- Born: 22 December 1964
- Died: 19 September 2022 (aged 57)
- Occupation: businesswoman

= Aisling Burnand =

British businesswoman (1964 - 2022)

Aisling Maria Burnand (born 22 December 1964; died 19 September 2022) was a British business executive and consultant. In 2009, she joined Cancer Research UK as Executive Director of Policy & Public Affairs. In 2014, she became chief executive of the Association of Medical Research Charities.

==Career==
Burnand worked as head of international media relations for Rhône-Poulenc in Paris, then as a director at the Rowland Company, a London-based public affairs consultancy.

She joined the UK BioIndustry Association (BIA) UK BioIndustry Association (BIA) as its first director of Public Affairs in 1998, when the UK biotechnology industry was in its infancy. The association now represents more than three hundred UK biotech companies. In 2001, Burnand became Deputy Chief Executive, and from 2003 until December 2009, she was Chief Executive. She was succeeded by Nigel Gaymond.

At the BIA, Burnand lobbied on behalf of stem cell research, and supported the passage of the Serious Organised Crime and Police Act 2005, which gives greater protection for medical researchers from animal rights extremists and other threats. She also had to reassure the public about medicines based on monoclonal antibodies when six volunteers suffered severe adverse reactions during a clinical trial at Northwick Park Hospital in 2006.
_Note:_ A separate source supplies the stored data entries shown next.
(* Let $a:\mathbb{C}\to\mathbb{C}$ be an entire holomorphic function with $a(w)\neq 0$ for every $w\in\mathbb{C}$. Let $c=\alpha+i\beta\in\mathbb{C}\setminus\{0,1,-1\}$ with $\alpha^2+\beta^2\neq 1$, put $b(w)=c/a(w)$, and let $X_0\in\mathbb{R}^4$. Define, for $w=u+iv\in\mathbb{C}$, $$f(w)=X_0+2\,\mathrm{Re}\int_0^w\Big(a(\xi)+\frac{c}{a(\xi)},\;1+c,\;i(1-c),\;a(\xi)-\frac{c}{a(\xi)}\Big)\,d\xi .$$ Then $f$ is a conformal (isothermic) minimal spacelike immersion of $\mathbb{C}$ into $\mathbb{R}^4_1$ (with $f_w=W(a,b)$, i.e. $\mu\equiv 1$). The coordinates $x=f^1-X_0^1=2[(1+\alpha)u-\beta v]$, $y=f^2-X_0^2=2[\beta u+(\alpha-1)v]$ define a linear bijection $(u,v)\mapsto(x,y)$ of $\mathbb{R}^2$ (equivalently $x_w=1+c$, $y_w=i(1-c)$), so that $f(\mathbb{C})$ is an entire graph of first type, i.e. $f(\mathbb{C})=\{(A(x,y),\,x+X_0^1,\,y+X_0^2,\,B(x,y)):(x,y)\in\mathbb{R}^2\}$ for smooth real functions $A,B$ on $\mathbb{R}^2$. Moreover, if $a$ is not constant, then there is a point of the surface at which the Gauss curvature is nonzero, and $f(\mathbb{C})$ is not contained in any affine hyperplane of $\mathbb{R}^4_1$.
   Context: $\mathbb{R}^4_1$ is $\mathbb{R}^4$ with the Lorentzian product $\langle (a_0,a_1,a_2,a_3),(b_0,b_1,b_2,b_3)\rangle=-a_0b_0+a_1b_1+a_2b_2+a_3b_3$, extended complex-bilinearly to $\mathbb{C}^4$. A surface is spacelike if its induced metric is positive definite. For a map $f$ of a domain of $\mathbb{C}$ with parameter $w=u+iv$, $f_w=\tfrac12(f_u-if_v)$; $f$ is conformal (isothermic) if $\langle f_w,f_w\rangle=0$ and $\langle f_w,\overline{f_w}\rangle=\lambda^2/2>0$, in which case the induced metric is $\lambda^2|dw|^2$ and the Gauss curvature is $K=-\lambda^{-2}\Delta\ln\lambda$ with $\Delta=\partial_u^2+\partial_v^2$. For complex functions $a,b$ put $W(a,b)=(a+b,\,1+ab,\,i(1-ab),\,a-b)$. A surface is minimal if its mean curvature vector vanishes, equivalently each coordinate function is harmonic for the induced metric. A graph of first type is a surface $\{(A(x,y),x,y,B(x,y))\}$. *)

theory Defs
  imports "HOL-Complex_Analysis.Complex_Analysis"
begin

text \<open>Vectors of R^4 / C^4 are of type real^4 / complex^4; the paper's coordinates
  0,1,2,3 correspond to the Isabelle indices 1,2,3,4.\<close>

definition lorentz :: "'a::comm_ring ^ 4 \<Rightarrow> 'a ^ 4 \<Rightarrow> 'a" where
  "lorentz x y = - (x$1 * y$1) + x$2 * y$2 + x$3 * y$3 + x$4 * y$4"

definition cnjv :: "complex ^ 4 \<Rightarrow> complex ^ 4" where
  "cnjv x = (\<chi> k. cnj (x$k))"

definition Wv :: "complex \<Rightarrow> complex \<Rightarrow> complex ^ 4" where
  "Wv a b = vector [a + b, 1 + a * b, \<i> * (1 - a * b), a - b]"

definition pu :: "(complex \<Rightarrow> real) \<Rightarrow> complex \<Rightarrow> real" where
  "pu g w = deriv (\<lambda>t::real. g (w + of_real t)) 0"

definition pv :: "(complex \<Rightarrow> real) \<Rightarrow> complex \<Rightarrow> real" where
  "pv g w = deriv (\<lambda>t::real. g (w + \<i> * of_real t)) 0"

fun ipd :: "bool list \<Rightarrow> (complex \<Rightarrow> real) \<Rightarrow> complex \<Rightarrow> real" where
  "ipd [] g = g"
| "ipd (d # ds) g = (if d then pu else pv) (ipd ds g)"

definition smooth_fun :: "(complex \<Rightarrow> real) \<Rightarrow> bool" where
  "smooth_fun g \<longleftrightarrow> (\<forall>ds w. ipd ds g differentiable (at w))"

definition smooth_map :: "(complex \<Rightarrow> real ^ 4) \<Rightarrow> bool" where
  "smooth_map f \<longleftrightarrow> (\<forall>k. smooth_fun (\<lambda>z. f z $ k))"

definition fu :: "(complex \<Rightarrow> real ^ 4) \<Rightarrow> complex \<Rightarrow> real ^ 4" where
  "fu f w = (\<chi> k. pu (\<lambda>z. f z $ k) w)"

definition fv :: "(complex \<Rightarrow> real ^ 4) \<Rightarrow> complex \<Rightarrow> real ^ 4" where
  "fv f w = (\<chi> k. pv (\<lambda>z. f z $ k) w)"

definition fw :: "(complex \<Rightarrow> real ^ 4) \<Rightarrow> complex \<Rightarrow> complex ^ 4" where
  "fw f w = (\<chi> k. (complex_of_real (fu f w $ k) - \<i> * complex_of_real (fv f w $ k)) / 2)"

definition gE :: "(complex \<Rightarrow> real ^ 4) \<Rightarrow> complex \<Rightarrow> real" where
  "gE f w = lorentz (fu f w) (fu f w)"
definition gF :: "(complex \<Rightarrow> real ^ 4) \<Rightarrow> complex \<Rightarrow> real" where
  "gF f w = lorentz (fu f w) (fv f w)"
definition gG :: "(complex \<Rightarrow> real ^ 4) \<Rightarrow> complex \<Rightarrow> real" where
  "gG f w = lorentz (fv f w) (fv f w)"
definition gD :: "(complex \<Rightarrow> real ^ 4) \<Rightarrow> complex \<Rightarrow> real" where
  "gD f w = gE f w * gG f w - (gF f w)^2"

definition spacelike_immersion :: "(complex \<Rightarrow> real ^ 4) \<Rightarrow> bool" where
  "spacelike_immersion f \<longleftrightarrow> smooth_map f \<and> (\<forall>w. gE f w > 0 \<and> gD f w > 0)"

definition conformal :: "(complex \<Rightarrow> real ^ 4) \<Rightarrow> bool" where
  "conformal f \<longleftrightarrow> (\<forall>w. lorentz (fw f w) (fw f w) = 0 \<and>
      (\<exists>l::real. l > 0 \<and> lorentz (fw f w) (cnjv (fw f w)) = complex_of_real (l^2 / 2)))"

definition laplace_beltrami :: "(complex \<Rightarrow> real ^ 4) \<Rightarrow> (complex \<Rightarrow> real) \<Rightarrow> complex \<Rightarrow> real" where
  "laplace_beltrami f h w =
     (pu (\<lambda>z. sqrt (gD f z) * (gG f z * pu h z - gF f z * pv h z) / gD f z) w
    + pv (\<lambda>z. sqrt (gD f z) * (gE f z * pv h z - gF f z * pu h z) / gD f z) w) / sqrt (gD f w)"

definition minimal :: "(complex \<Rightarrow> real ^ 4) \<Rightarrow> bool" where
  "minimal f \<longleftrightarrow> (\<forall>k w. laplace_beltrami f (\<lambda>z. f z $ k) w = 0)"

definition conf_factor :: "(complex \<Rightarrow> real ^ 4) \<Rightarrow> complex \<Rightarrow> real" where
  "conf_factor f w = sqrt (2 * Re (lorentz (fw f w) (cnjv (fw f w))))"

definition gauss_curv :: "(complex \<Rightarrow> real ^ 4) \<Rightarrow> complex \<Rightarrow> real" where
  "gauss_curv f w = - (pu (pu (\<lambda>z. ln (conf_factor f z))) w
                      + pv (pv (\<lambda>z. ln (conf_factor f z))) w) / (conf_factor f w)^2"

end

theory Submission
  imports Defs
begin

text \<open>The integrand Phi = W(a, c/a) is a holomorphic null vector, <Phi, Phi> = 0, with
  <Phi, cnj Phi> >= 2 (1 - |c|)^2 > 0. Hence f = X0 + 2 Re (integral of Phi) satisfies f_w = Phi
  and is a conformal spacelike immersion; it is minimal because for a conformal metric the
  Laplace-Beltrami operator is a multiple of the flat Laplacian, and real parts of holomorphic
  functions are harmonic. The coordinates x, y are real-linear in w with determinant
  4 (|c|^2 - 1), which gives the graph. A hyperplane n . f = d would force the components of
  Phi to satisfy a linear relation, i.e. a quadratic equation for the non-constant function a.
  Finally, writing a = exp g, the density <Phi, cnj Phi> depends only on s = Im g, so
  K = - L''(Im g) |g'|^2 / lambda^2 with L(s) = ln lambda; the zeros of L'' form a level set of a
  function whose composition with Im g is not locally constant where g' is nonzero.\<close>

section \<open>Directional derivatives in the plane\<close>

lemma holomorphic_on_UNIV_has_field_derivative:
  "H holomorphic_on UNIV \<Longrightarrow> (H has_field_derivative deriv H w) (at w)"
  by (meson DERIV_deriv_iff_field_differentiable UNIV_I holomorphic_on_imp_differentiable_at open_UNIV)

definition has_dir_deriv :: "(complex \<Rightarrow> real) \<Rightarrow> complex \<Rightarrow> complex \<Rightarrow> real \<Rightarrow> bool" where
  "has_dir_deriv g p w d \<longleftrightarrow> ((\<lambda>t::real. g (w + p * of_real t)) has_real_derivative d) (at 0)"

lemma has_dir_deriv_imp_pu: "has_dir_deriv g 1 w d \<Longrightarrow> pu g w = d"
  unfolding has_dir_deriv_def pu_def by (simp add: DERIV_imp_deriv)

lemma has_dir_deriv_imp_pv: "has_dir_deriv g \<i> w d \<Longrightarrow> pv g w = d"
  unfolding has_dir_deriv_def pv_def by (rule DERIV_imp_deriv)

lemma has_dir_deriv_chain:
  "has_dir_deriv g p w d \<Longrightarrow> (\<phi> has_real_derivative \<phi>') (at (g w))
    \<Longrightarrow> has_dir_deriv (\<lambda>z. \<phi> (g z)) p w (\<phi>' * d)"
  unfolding has_dir_deriv_def by (rule DERIV_chain2) simp_all

lemma has_dir_deriv_mult:
  "has_dir_deriv g1 p w d1 \<Longrightarrow> has_dir_deriv g2 p w d2
    \<Longrightarrow> has_dir_deriv (\<lambda>z. g1 z * g2 z) p w (d1 * g2 w + g1 w * d2)"
  unfolding has_dir_deriv_def by (drule (1) DERIV_mult) (simp add: mult.commute)

lemma has_dir_deriv_Re_Im_holomorphic:
  assumes "H holomorphic_on UNIV"
  shows "has_dir_deriv (\<lambda>z. Re (H z)) p w (Re (p * deriv H w))"
    and "has_dir_deriv (\<lambda>z. Im (H z)) p w (Im (p * deriv H w))"
proof -
  have "((\<lambda>t::real. w + p * of_real t) has_vector_derivative p) (at 0)"
    by (auto intro!: derivative_eq_intros)
  from field_vector_diff_chain_at[OF this holomorphic_on_UNIV_has_field_derivative[OF assms]]
  have "((\<lambda>t::real. H (w + p * of_real t)) has_vector_derivative p * deriv H w) (at 0)"
    by (simp add: o_def mult.commute)
  then show "has_dir_deriv (\<lambda>z. Re (H z)) p w (Re (p * deriv H w))"
    and "has_dir_deriv (\<lambda>z. Im (H z)) p w (Im (p * deriv H w))"
    unfolding has_dir_deriv_def has_vector_derivative_complex_iff by simp_all
qed

lemma pu_Re_holomorphic: "H holomorphic_on UNIV \<Longrightarrow> pu (\<lambda>z. Re (H z)) w = Re (deriv H w)"
  using has_dir_deriv_imp_pu has_dir_deriv_Re_Im_holomorphic(1) by fastforce

lemma pv_Re_holomorphic: "H holomorphic_on UNIV \<Longrightarrow> pv (\<lambda>z. Re (H z)) w = - Im (deriv H w)"
  using has_dir_deriv_imp_pv has_dir_deriv_Re_Im_holomorphic(1) by fastforce

lemma harmonic_Re_holomorphic:
  assumes "H holomorphic_on UNIV"
  shows "pu (pu (\<lambda>z. Re (H z))) w + pv (pv (\<lambda>z. Re (H z))) w = 0"
proof -
  have H': "deriv H holomorphic_on UNIV" and iH': "(\<lambda>z. \<i> * deriv H z) holomorphic_on UNIV"
    using assms by (auto intro!: holomorphic_intros holomorphic_deriv)
  have "pv (\<lambda>z. Re (H z)) = (\<lambda>z. Re (\<i> * deriv H z))"
    using pv_Re_holomorphic[OF assms] by auto
  moreover have "pu (\<lambda>z. Re (H z)) = (\<lambda>z. Re (deriv H z))"
    using pu_Re_holomorphic[OF assms] by auto
  moreover have "deriv (\<lambda>z. \<i> * deriv H z) w = \<i> * deriv (deriv H) w"
    using H' by (simp add: holomorphic_on_imp_differentiable_at)
  ultimately show ?thesis
    using pu_Re_holomorphic[OF H'] pv_Re_holomorphic[OF iH'] by simp
qed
She was appointed Member of the Order of the British Empire (MBE) in 2007 for services to science.

She joined Cancer Research UK in 2009. As Executive Director of Policy & Public Affairs, she has responsibility for the charity's policies on cancer, science and charity issues, seeking along with others to influence politicians and civil servants on issues of importance to cancer patients.

In 2020, Burnand warned during the COVID-19 pandemic that medical research could suffer for years due to the drop in revenue from donations and fund-raising.

Burnand was appointed Commander of the Order of the British Empire (CBE) in the 2022 Birthday Honours for services to the charitable sector.